A series of interesting recent articles makes you think whether it will be worth in the future to pay big money for good lenses — given the fact that digital imaging is more and more about in-camera algorithms and post-processing. A digital image is nothing but a numeric, normally binary representation and therefore interpretation. Yes, each lens has a unique character. But technology is advancing rapidly. Take a software being developed by a research project called High-Quality Computational Imaging Through Simple Lenses at the University of British Columbia; a project that’s able to turn technically crappy images into high quality. Meaning: they use a cheapo lens for high-end results.There is no denying the digital imaging trend is pointing into exactly this direction: less and less dependance on physics and optical glass, more and more reliance on processing algorithms that correct blur, distortion and aberration — and might add a special three-dimensional bokeh or even that legendary ethereal Leica quality…
Good lenses are complex, expensive, large and difficult to manufacture and maintain. Now this project suggests to replace complex optics by simple lens elements plus a set of computational photography techniques to compensate for the quality deficiencies.
Naturally, such an approach is much cheaper and lenses are much smaller and lighter.
Have a look at some comparison samples here. A cheap single planoconvex lens was used at F4.5 — move your cursor over the image to see the difference.
More in this project video:
Promising start. Geek talk for now. The technique won’t be ready for the market for some time to come. Because they calibrate the cheap lens using a test pattern to estimate the point source functions (PSFs) for the lens, which is a measure of how a point is distorted/blurred by the lens.

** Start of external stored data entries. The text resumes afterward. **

lemma gap_interval: "is_interval {x\<in>{a..b}. tangent_max x < u x}"
  unfolding is_interval_1
proof (intro ballI allI impI)
  fix x z y
  assume "x \<in> {x\<in>{a..b}. tangent_max x < u x}" "z \<in> {x\<in>{a..b}. tangent_max x < u x}"
    and "x \<le> y \<and> y \<le> z"
  then have xyz: "a \<le> x" "x \<le> b" "tangent_max x < u x" "a \<le> z" "z \<le> b" "tangent_max z < u z"
    "x \<le> y" "y \<le> z"
    by auto
  define fa fb where "fa s = u s - t_right u a s" and "fb s = u s - t_left u b s" for s
  have conv: "convex_on {c..d} (\<lambda>s. u s + (r * s + q))" if "{c..d} \<subseteq> X" for c d r q
    using convex_on_subset[OF u_convex that]
    by (rule convex_on_add[OF _ convex_on_affine]) (simp_all add: convex_real_interval)
  have fa_eq: "fa = (\<lambda>s. u s + (- rderiv u a * s + (rderiv u a * a - u a)))"
    and fb_eq: "fb = (\<lambda>s. u s + (- lderiv u b * s + (lderiv u b * b - u b)))"
    by (auto simp: fa_def fb_def t_right_def t_left_def algebra_simps)
  have fa_conv: "convex_on {a..y} fa"
    unfolding fa_eq by (rule conv) (use xyz interval in auto)
  have fb_conv: "convex_on {y..b} fb"
    unfolding fb_eq by (rule conv) (use xyz interval in auto)
  have fa_nonneg: "0 \<le> fa y" and fb_nonneg: "0 \<le> fb y" and fa_a: "fa a = 0" and fb_b: "fb b = 0"
    using t_right_le[of y] t_left_le[of y] xyz interval
    by (auto simp: fa_def fb_def t_right_def t_left_def)
  \<comment> \<open>u minus a supporting line is nonnegative, convex and zero at the contact point, hence monotone away from it.\<close>
  have "fa x \<le> max (fa a) (fa y)" "fb z \<le> max (fb y) (fb b)"
    using convex_on_le_max[OF fa_conv] convex_on_le_max[OF fb_conv] xyz by auto
  then have "fa x \<le> fa y" "fb z \<le> fb y"
    using fa_nonneg fb_nonneg fa_a fb_b by simp_all
  moreover have "0 < fa x" "0 < fb z"
    using xyz(3,6) by (auto simp: fa_def fb_def tangent_max_def)
  ultimately show "y \<in> {x\<in>{a..b}. tangent_max x < u x}"
    using xyz by (simp add: fa_def fb_def tangent_max_def)
qed

lemma h_ab_eq_zero_iff_max_line:
  "(\<forall>x\<in>X. h_ab u a b x = 0) \<longleftrightarrow> (\<exists>m k. \<forall>x\<in>{a..b}. u x = max (tangent_max x) (m * x + k))"
proof -
  define \<phi> where "\<phi> = (\<lambda>y. u y + (if y \<in> {a..b} then u y - tangent_max y else 0))"
  have h: "h_ab u a b x = vex \<phi> x - u x" for x
    by (simp add: h_ab_def \<phi>_def g_ab_eq)
  have u_min: "u \<in> convex_minorants \<phi>"
    using u_convex g_ab_nonneg by (simp add: convex_minorants_def \<phi>_def g_ab_eq)
  have ab: "0 \<le> a" "a \<le> b" "b \<le> 1" and tm_le: "\<forall>x\<in>{a..b}. tangent_max x \<le> u x"
    using interval tangent_max_le by auto
  show ?thesis
  proof
    assume "\<forall>x\<in>X. h_ab u a b x = 0"
    then have "\<forall>x\<in>X. vex \<phi> x = u x" by (simp add: h)
    then show "\<exists>m k. \<forall>x\<in>{a..b}. u x = max (tangent_max x) (m * x + k)"
      using max_line_if_vex_eq[OF u_convex u_continuous ab continuous_tangent_max tm_le
          tangent_max_at_ends gap_interval]
      unfolding \<phi>_def by blast
  next
    assume "\<exists>m k. \<forall>x\<in>{a..b}. u x = max (tangent_max x) (m * x + k)"
    then obtain m k where mk: "\<forall>x\<in>{a..b}. u x = max (tangent_max x) (m * x + k)" by blast
    have "vex \<phi> x \<le> u x" if x: "x \<in> X" for x
      unfolding vex_eq_SUP
    proof (rule cSUP_least)
      show "convex_minorants \<phi> \<noteq> {}" using u_min by blast
      fix G assume "G \<in> convex_minorants \<phi>"
      then have "convex_on X G" "\<forall>x\<in>X. G x \<le> \<phi> x"
        by (auto simp: convex_minorants_def)
      then show "G x \<le> u x"
        using convex_minorant_le_if_max_line[OF _ ab _ mk continuous_tangent_max
            tangent_max_at_ends x]
        unfolding \<phi>_def by blast
    qed
    then show "\<forall>x\<in>X. h_ab u a b x = 0"
      using vex_ge[OF u_min] by (force simp: h)
  qed
qed

lemma three_lines_if_max_line:
  assumes "\<forall>x\<in>{a..b}. u x = max (tangent_max x) (m * x + k)"
  shows "\<exists>m0 c0 m1 c1 m2 c2. \<forall>x\<in>{a..b}. u x = max (m0 * x + c0) (max (m1 * x + c1) (m2 * x + c2))"
proof (intro exI ballI)
  fix x assume "x \<in> {a..b}"
  then have "u x = max (tangent_max x) (m * x + k)"
    using assms by blast
  moreover have "tangent_max x =
      max (rderiv u a * x + (u a - rderiv u a * a)) (lderiv u b * x + (u b - lderiv u b * b))"
    by (simp add: tangent_max_def t_right_def t_left_def algebra_simps)
  ultimately show "u x = max (rderiv u a * x + (u a - rderiv u a * a))
      (max (lderiv u b * x + (u b - lderiv u b * b)) (m * x + k))"
    by (simp only: max.assoc)
qed

lemma max_line_if_three_lines:
  assumes u_eq: "\<forall>x\<in>{a..b}. u x = max (m0 * x + c0) (max (m1 * x + c1) (m2 * x + c2))"
  shows "\<exists>m k. \<forall>x\<in>{a..b}. u x = max (tangent_max x) (m * x + k)"
proof -
  define L where "L = {(m0, c0), (m1, c1), (m2, c2)}"
  define line where "line l x = fst l * x + snd l" for l :: "real \<times> real" and x
  have active: "(\<forall>l\<in>L. fst l * x + snd l \<le> u x) \<and> (\<exists>l\<in>L. fst l * x + snd l = u x)"
    if "x \<in> {a..b}" for x
    using u_eq that by (auto simp: L_def max_def)
  have "finite L" by (simp add: L_def)
  \<comment> \<open>The tangents at a and b are two of the three lines, so at most one further line remains.\<close>
  obtain i where i: "i \<in> L" "\<forall>x. t_right u a x = line i x"
    using t_right_eq_active_line[OF \<open>finite L\<close> interval(2) active] unfolding line_def by blast
  obtain j where j: "j \<in> L" "\<forall>x. t_left u b x = line j x"
    using t_left_eq_active_line[OF \<open>finite L\<close> interval(2) active] unfolding line_def by blast
  have tangents: "tangent_max x = max (line i x) (line j x)" for x
    using i(2) j(2) by (simp add: tangent_max_def)
  show ?thesis
  proof (cases "i = j")
    case True
    have ends: "u a = line i a" "u b = line i b"
      using spec[OF i(2), of a] spec[OF j(2), of b] True by (simp_all add: t_right_def t_left_def)
    have "u x = line i x" if x: "x \<in> {a..b}" for x
      unfolding line_def
    proof (rule convex_on_eq_affine_if_ends[OF _ _ _ _ x])
      show "convex_on {a..b} u"
        using convex_on_subset[OF u_convex] interval by (auto simp: convex_real_interval)
      show "u a = fst i * a + snd i" "u b = fst i * b + snd i"
        using ends by (simp_all add: line_def)
      show "\<forall>x\<in>{a..b}. fst i * x + snd i \<le> u x"
        using active i(1) by simp
    qed
    then show ?thesis
      using tangents True by (intro exI[of _ "fst i"] exI[of _ "snd i"]) (simp add: line_def)
  next
    case False
    then obtain l where l: "l \<in> L" "L \<subseteq> {i, j, l}"
      using i(1) j(1) unfolding L_def by blast
    have "u x = max (tangent_max x) (line l x)" if x: "x \<in> {a..b}" for x
    proof -
      obtain n where "n \<in> L" "line n x = u x"
        using active[OF x] by (auto simp: line_def)
      moreover have "line i x \<le> u x" "line j x \<le> u x" "line l x \<le> u x"
        using active[OF x] i(1) j(1) l(1) by (auto simp: line_def)
      ultimately show ?thesis
        using l(2) by (auto simp: tangents max_def)
    qed
    then show ?thesis
      by (intro exI[of _ "fst l"] exI[of _ "snd l"]) (simp add: line_def)
  qed
qed

end

lemma g_ab_same_endpoints: "g_ab u a a x = 0"
  by (simp add: g_ab_def t_right_def t_left_def)

lemma g_ab_properties:
  assumes u: "cvx u" and lines: "above_endpoint_lines u s1 s2" and ab: "0 \<le> a" "a \<le> b" "b \<le> 1"
  shows "\<forall>x\<in>X. 0 \<le> g_ab u a b x" and "g_ab u a b 0 = 0" and "g_ab u a b 1 = 0"
    and "convex_on X (\<lambda>x. u x - g_ab u a b x)"
    and "above_endpoint_lines (\<lambda>x. u x - g_ab u a b x) s1 s2"
proof -
  have "(\<forall>x\<in>X. 0 \<le> g_ab u a b x) \<and> g_ab u a b 0 = 0 \<and> g_ab u a b 1 = 0 \<and>
    convex_on X (\<lambda>x. u x - g_ab u a b x) \<and> above_endpoint_lines (\<lambda>x. u x - g_ab u a b x) s1 s2"
  proof (cases "a = b")
    case True
    then show ?thesis using u lines by (simp add: g_ab_same_endpoints cvx_def)
  next
    case False
    then interpret endpoint_tangents u s1 s2 a b
      using u lines ab by unfold_locales auto
    show ?thesis
      using g_ab_nonneg g_ab_ends convex_on_minus_g_ab above_endpoint_lines_minus_g_ab by blast
  qed
  then show "\<forall>x\<in>X. 0 \<le> g_ab u a b x" "g_ab u a b 0 = 0" "g_ab u a b 1 = 0"
    "convex_on X (\<lambda>x. u x - g_ab u a b x)" "above_endpoint_lines (\<lambda>x. u x - g_ab u a b x) s1 s2"
    by blast+
qed

lemma h_ab_eq_zero_iff_three_lines:
  assumes u: "cvx u" and lines: "above_endpoint_lines u s1 s2" and ab: "0 \<le> a" "a \<le> b" "b \<le> 1"
  shows "(\<forall>x\<in>X. h_ab u a b x = 0) \<longleftrightarrow>
    (\<exists>m0 c0 m1 c1 m2 c2. \<forall>x\<in>{a..b}. u x = max (m0 * x + c0) (max (m1 * x + c1) (m2 * x + c2)))"
proof (cases "a = b")
  case True
  have "u \<in> convex_minorants u"
    using u by (simp add: convex_minorants_def cvx_def)
  then have "vex u x = u x" if "x \<in> X" for x
    using vex_ge vex_le that by (metis empty_iff order_antisym)
  then have "\<forall>x\<in>X. h_ab u a b x = 0"
    using True by (simp add: h_ab_def g_ab_same_endpoints)
  moreover have "\<forall>x\<in>{a..b}. u x = max (0 * x + u a) (max (0 * x + u a) (0 * x + u a))"
    using True by simp
  ultimately show ?thesis by blast
next
  case False
  then interpret endpoint_tangents u s1 s2 a b
    using u lines ab by unfold_locales auto
  show ?thesis
    using h_ab_eq_zero_iff_max_line three_lines_if_max_line max_line_if_three_lines by blast
qed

They use this understanding to try and reconstruct the photo that would have been taken if not for the softness (spherical distortion) of the lens. This is unlike a normal sharpening filter, which just applies a convolution to try and emphasize areas of contrast, not recover the original image.
There are some limitations of this approach — the biggest one being that the technique now only accommodates for PSFs of objects taken at a specific distance from the sensor, which can lead to reconstruction errors/image artifacts. PSFs are different for objects nearer or closer to the camera than whatever range the lens was calibrated for.
And the system runs into issues if the aperture gets any more open than F2 because the blur kernels get too large.
What this means for the future of camera optics? Advancing technology will enable camera makers to alter formerly unshakable physical and optical parameters, allowing them to build smaller, lighter and faster lenses.